Now this is starting to sound like we might need to gather our Indian throw cushions and light a scented candle and consider the universe in meditation. And hey, quite possibly that is needed for many! There is more than one way to do some personal reflection and the important thing to know is that you should reflect in whatever way works for you, not what someone says is ‘the right way’. (for the record, I kind of like the Indian throw cushions and scented candles, but I prefer going to my local waterfall, must be the Piscean in me seeking water for solace)
So what happens when we compare ourselves to others? It can become consuming! In business, you can begin to spend way too much watching your competitors, and then worse, responding to them in a manner that can be, well, unbecoming, whether it is just posting bitchy statements on social media, and for the record, you don’t need to name another business for it to be clear who you are bitching about, or by being unauthentic to yourself and bringing out a product, freebie, or writing something that is very, very similar to your competitors. It’s just not necessary, you do your thing and they can do theirs. Being bitchy about competition is very poor form and is only a sign of your own lack of confidence.
Or you might self- sabotage. Not put yourself out there because you don’t think what you have to offer is good enough. Put yourself down constantly, even to the point of attention-seeking. The question is, what IS good enough? And who does it need to be good enough for? Who gets to decide on that? The answer is you get to decide and until you realise that, you will be looking for someone else to approve/decide/help you.
And in business this can lead to people grossly undervaluing themselves and their time. Like the massage therapist that was doing clients for free or just fuel money because she had only just qualified and felt unworthy of payment. We worked on her self-belief a little, and the end result was she finally became able to charge appropriately for her services, and make her business financially viable rather than it costing her money to have clients. She was comparing herself to other, more experienced therapists, and felt that because she was less experienced, she was worth nothing. I hope you are nodding in agreement with me that she was in fact worth something after all.
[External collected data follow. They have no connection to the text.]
lemma BLO_ge_iff:
  assumes "j \<le> n div l"
  shows "j \<le> BLO n l x \<longleftrightarrow> (\<forall>i<j * l. x i)"
proof
  let ?J = "{j \<in> {1..n div l}. \<forall>i<j * l. x i}"
  have prefix_mono: "\<forall>i<j' * l. x i \<Longrightarrow> j \<le> j' \<Longrightarrow> \<forall>i<j * l. x i" for j j'
    by (meson le_less_trans mult_le_mono1 not_le)
  {
    assume "\<forall>i<j * l. x i"
    then have "{1..j} \<subseteq> ?J" using assms prefix_mono by auto
    then show "j \<le> BLO n l x"
      unfolding BLO_eq_card using card_mono[of ?J "{1..j}"] by simp
  next
    assume le: "j \<le> BLO n l x"
    show "\<forall>i<j * l. x i"
    proof (rule ccontr)
      assume not_prefix: "\<not> (\<forall>i<j * l. x i)"
      have "?J \<subseteq> {1..<j}"
      proof
        fix j' assume j': "j' \<in> ?J"
        then have "\<not> j \<le> j'" using prefix_mono[of j' j] not_prefix by blast
        with j' show "j' \<in> {1..<j}" by simp
      qed
      then have "BLO n l x \<le> j - 1"
        unfolding BLO_eq_card using card_mono[of "{1..<j}" ?J] by simp
      with le not_prefix show False by (cases j) auto
    qed
  }
qed

definition block_at :: "nat \<Rightarrow> nat \<Rightarrow> (nat \<Rightarrow> bool) \<Rightarrow> nat \<Rightarrow> bool" where
  "block_at k l w = (\<lambda>j. if j < l then w (k + j) else False)"

lemma BLO_gt_iff_block_ones:
  assumes "k = m * l" "m < n div l" and prefix: "\<forall>i<k. y i"
  shows "m < BLO n l y \<longleftrightarrow> block_at k l y = ones l"
proof -
  have "m < BLO n l y \<longleftrightarrow> (\<forall>i<k + l. y i)"
    using BLO_ge_iff[of "Suc m" n l y] assms by (simp add: Suc_le_eq add.commute)
  also have "\<dots> \<longleftrightarrow> (\<forall>j<l. y (k + j))"
    using prefix by (metis add_less_cancel_left le_add_diff_inverse not_le trans_less_add1)
  also have "\<dots> \<longleftrightarrow> block_at k l y = ones l"
    unfolding block_at_def ones_def by (auto simp: fun_eq_iff)
  finally show ?thesis .
qed

lemma map_Pi_pmf_all_False:
  fixes p :: real
  assumes "0 \<le> p" "p \<le> 1" "finite I"
  shows "map_pmf (\<lambda>w. \<forall>i\<in>I. \<not> w i) (Pi_pmf I False (\<lambda>_. bernoulli_pmf p))
       = bernoulli_pmf ((1 - p) ^ card I)"
proof (rule pmf_eqI)
  let ?M = "map_pmf (\<lambda>w. \<forall>i\<in>I. \<not> w i) (Pi_pmf I False (\<lambda>_. bernoulli_pmf p))"
  have "(\<lambda>w. \<forall>i\<in>I. \<not> w i) -` {True} = Pi I (\<lambda>_. {False})"
    by (auto simp: Pi_def)
  then have "pmf ?M True = (\<Prod>i\<in>I. measure_pmf.prob (bernoulli_pmf p) {False})"
    using assms(3) by (simp add: pmf_map measure_Pi_pmf_Pi)
  also have "\<dots> = (1 - p) ^ card I"
    using assms by (simp add: measure_pmf_single)
  finally have True: "pmf ?M True = (1 - p) ^ card I" .
  have "0 \<le> (1 - p) ^ card I" "(1 - p) ^ card I \<le> 1"
    using assms by (auto intro: power_le_one)
  then show "pmf ?M b = pmf (bernoulli_pmf ((1 - p) ^ card I)) b" for b
    by (cases b) (simp_all add: pmf_False_conv_True[of ?M] True)
qed

lemma map_Pi_pmf_block_at:
  assumes "k + l \<le> n"
  shows "map_pmf (block_at k l) (Pi_pmf {k..<n} False (\<lambda>_. q)) = Pi_pmf {0..<l} False (\<lambda>_. q)"
proof -
  let ?restrict = "\<lambda>g i. if i \<in> {k..<k + l} then g i else False"
  have block: "(\<lambda>g. ?restrict g \<circ> (\<lambda>j. j + k)) = block_at k l"
    by (auto simp: block_at_def fun_eq_iff add.commute)
  have "bij_betw (\<lambda>j. j + k) {0..<l} {k..<k + l}"
    by (intro bij_betwI[where g="\<lambda>i. i - k"]) auto
  then have "Pi_pmf {0..<l} False (\<lambda>_. q)
      = map_pmf (\<lambda>g. g \<circ> (\<lambda>j. j + k)) (Pi_pmf {k..<k + l} False (\<lambda>_. q))"
    by (intro Pi_pmf_bij_betw) auto
  also have "Pi_pmf {k..<k + l} False (\<lambda>_. q) = map_pmf ?restrict (Pi_pmf {k..<n} False (\<lambda>_. q))"
    using assms by (intro Pi_pmf_subset) auto
  also have "map_pmf (\<lambda>g. g \<circ> (\<lambda>j. j + k)) (map_pmf ?restrict (Pi_pmf {k..<n} False (\<lambda>_. q)))
      = map_pmf (block_at k l) (Pi_pmf {k..<n} False (\<lambda>_. q))"
    by (simp only: map_pmf_comp block)
  finally show ?thesis by (rule sym)
qed

lemma mutation_prefix_block_split:
  fixes p :: real
  assumes "0 \<le> p" "p \<le> 1" "k + l \<le> n"
  shows "map_pmf (\<lambda>w. (\<forall>i<k. \<not> w i, block_at k l w)) (Pi_pmf {0..<n} False (\<lambda>_. bernoulli_pmf p))
       = pair_pmf (bernoulli_pmf ((1 - p) ^ k)) (Pi_pmf {0..<l} False (\<lambda>_. bernoulli_pmf p))"
proof -
  let ?W = "\<lambda>I. Pi_pmf I False (\<lambda>_. bernoulli_pmf p)"
  have "{0..<n} = {..<k} \<union> {k..<n}" using assms by auto
  then have "?W {0..<n}
      = map_pmf (\<lambda>(f, g) i. if i \<in> {..<k} then f i else g i) (pair_pmf (?W {..<k}) (?W {k..<n}))"
    by (simp only:) (rule Pi_pmf_union; auto)
  then have "map_pmf (\<lambda>w. (\<forall>i<k. \<not> w i, block_at k l w)) (?W {0..<n})
      = map_pmf (\<lambda>(f, g). ((\<lambda>w. \<forall>i\<in>{..<k}. \<not> w i) f, block_at k l g))
          (pair_pmf (?W {..<k}) (?W {k..<n}))"
    by (simp add: map_pmf_comp case_prod_unfold block_at_def Ball_def)
  also have "\<dots> = pair_pmf (bernoulli_pmf ((1 - p) ^ k)) (?W {0..<l})"
    using assms by (simp add: map_pair map_Pi_pmf_all_False map_Pi_pmf_block_at)
  finally show ?thesis .
qed

lemma ea_step_BLO_mono: "y \<in> set_pmf (ea_step n l p x) \<Longrightarrow> BLO n l x \<le> BLO n l y"
  unfolding ea_step_def by auto

definition ea_potential :: "nat \<Rightarrow> real \<Rightarrow> nat \<Rightarrow> (nat \<Rightarrow> bool) \<Rightarrow> real" where
  "ea_potential l p k y = rw_potential l p (block_at k l y) / (1 - p) ^ k"

lemma block_end_le_length: "k = m * l \<Longrightarrow> m < n div l \<Longrightarrow> k + l \<le> (n::nat)"
proof -
  assume k: "k = m * l" "m < n div l"
  then have "k + l = Suc m * l" by simp
  also have "\<dots> \<le> n div l * l" using k by (intro mult_right_mono) auto
  also have "\<dots> \<le> n" by (rule div_times_less_eq_dividend)
  finally show ?thesis .
qed

lemma expectation_ea_step_block:
  fixes p :: real and g :: "(nat \<Rightarrow> bool) \<Rightarrow> real"
  assumes p: "0 < p" "p < 1" and k: "k = m * l" "m < n div l"
    and prefix: "\<forall>i<k. x i" and not_hit: "\<not> m < BLO n l x"
    and bounded: "\<And>v. \<bar>g v\<bar> \<le> B"
  shows "measure_pmf.expectation (ea_step n l p x) (\<lambda>y. g (block_at k l y))
       = (1 - p) ^ k * measure_pmf.expectation (rw_step l p (block_at k l x)) g
         + (1 - (1 - p) ^ k) * g (block_at k l x)"
proof -
  define b where "b = block_at k l x"
  define G where "G = (\<lambda>(c, v). g (if c then (\<lambda>j. b j \<noteq> v j) else b))"
  let ?R = "Pi_pmf {0..<l} False (\<lambda>_. bernoulli_pmf p)"
  have "BLO n l x = m"
    using BLO_ge_iff[of m n l x] k prefix not_hit by auto
  then have accept: "BLO n l x \<le> BLO n l (\<lambda>i. x i \<noteq> w i) \<longleftrightarrow> (\<forall>i<k. \<not> w i)" for w
    using BLO_ge_iff[of m n l] k prefix by auto
  have offspring:
    "g (block_at k l (if BLO n l x \<le> BLO n l (\<lambda>i. x i \<noteq> w i) then (\<lambda>i. x i \<noteq> w i) else x))
      = G (\<forall>i<k. \<not> w i, block_at k l w)" for w
    unfolding accept G_def b_def by (auto simp: block_at_def)
  have "measure_pmf.expectation (ea_step n l p x) (\<lambda>y. g (block_at k l y))
      = measure_pmf.expectation (Pi_pmf {0..<n} False (\<lambda>_. bernoulli_pmf p))
          (\<lambda>w. G (\<forall>i<k. \<not> w i, block_at k l w))"
    unfolding ea_step_def mutate_def map_pmf_comp integral_map_pmf offspring ..
  also have "\<dots> = measure_pmf.expectation (pair_pmf (bernoulli_pmf ((1 - p) ^ k)) ?R) G"
    using p block_end_le_length[OF k] by (subst mutation_prefix_block_split[symmetric]) auto
  also have "\<dots> = (1 - p) ^ k * measure_pmf.expectation ?R (\<lambda>v. G (True, v))
                  + (1 - (1 - p) ^ k) * measure_pmf.expectation ?R (\<lambda>v. G (False, v))"
    using p bounded by (subst expectation_pair_pmf[where B=B]) (auto simp: G_def power_le_one)
  finally show ?thesis
    by (simp add: G_def b_def rw_step_def mutate_def)
qed

lemma ea_potential_harmonic:
  fixes p :: real
  assumes p: "0 < p" "p < 1" and k: "k = m * l" "m < n div l"
    and prefix: "\<forall>i<k. x i" and not_hit: "\<not> m < BLO n l x"
  shows "ea_potential l p k x = 1 + measure_pmf.expectation (ea_step n l p x) (ea_potential l p k)"
proof -
  define q where "q = (1 - p) ^ k"
  define b where "b = block_at k l x"
  let ?h = "rw_potential l p"
  have "0 < q" unfolding q_def using p by simp
  have b: "b \<in> blocks l" "b \<noteq> ones l"
    using BLO_gt_iff_block_ones[OF k prefix] not_hit unfolding b_def blocks_def block_at_def by auto
  have "\<bar>?h v / q\<bar> \<le> rw_potential_bound l p / q" for v
    using rw_potential_nonneg[OF p] rw_potential_le[OF p] \<open>0 < q\<close>
    by (simp add: abs_of_nonneg divide_right_mono)
  then have "measure_pmf.expectation (ea_step n l p x) (ea_potential l p k)
      = q * measure_pmf.expectation (rw_step l p b) (\<lambda>v. ?h v / q) + (1 - q) * (?h b / q)"
    unfolding ea_potential_def q_def b_def by (rule expectation_ea_step_block[OF p k prefix not_hit])
  also have "\<dots> = ?h b - 1 + (1 - q) * (?h b / q)"
    using rw_potential_harmonic[OF p b] \<open>0 < q\<close> by simp
  finally show ?thesis
    using \<open>0 < q\<close> unfolding ea_potential_def q_def[symmetric] b_def[symmetric] by (simp add: field_simps)
qed

lemma expected_hitting_time_rw_step:
  fixes p :: real
  assumes p: "0 < p" "p < 1" and "0 < l"
  shows "expected_hitting_time (rw_step l p) (unif_nonones l) {ones l}
       = ennreal (measure_pmf.expectation (unif_nonones l) (rw_potential l p))"
proof -
  interpret hitting_potential "rw_step l p" "blocks l" "{ones l}" "rw_potential l p"
      "rw_potential_bound l p"
    using rw_step_closed rw_potential_nonneg[OF p] rw_potential_le[OF p] rw_potential_ones
      rw_potential_harmonic[OF p] by unfold_locales auto
  show ?thesis
    using set_pmf_unif_nonones[OF \<open>0 < l\<close>] by (intro expected_hitting_time_eq) auto
qed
Comparison-it is leads us to start to self-doubt and judge everything we do and everything that anyone arounds us does. Like I did, thinking I wasn’t doing well enough with my horse at the clinic. Then tendency to want to quit can become strong in some people; ‘if I can’t do it perfectly I might as well not bother’ and both that desire to give up, or just sheer frustration can ensue.
It can lead us down a path of following someone else just because you think what they do is better than what you do in some way, when in fact, allowing yourself to follow what is right for you is the better option.
So how does one cure comparison-it is? Well, when I am fully cured of it I will let you know, but for now, let’s work on the idea that we are already good enough (as it happens, and shameless plug, I created a beautiful coffee table book called You Are Already Good Enough – copies available here) and remind ourselves of that every day. Let’s stop worrying about what everyone else does, and worry about what we do. Let’s start thinking positively about ourselves and our abilities. Let’s accept ourselves for who we are and what we do, and be ok with what we do, and how we do it.
Meet you soon when we all reach that place we are accept ourselves for who we are?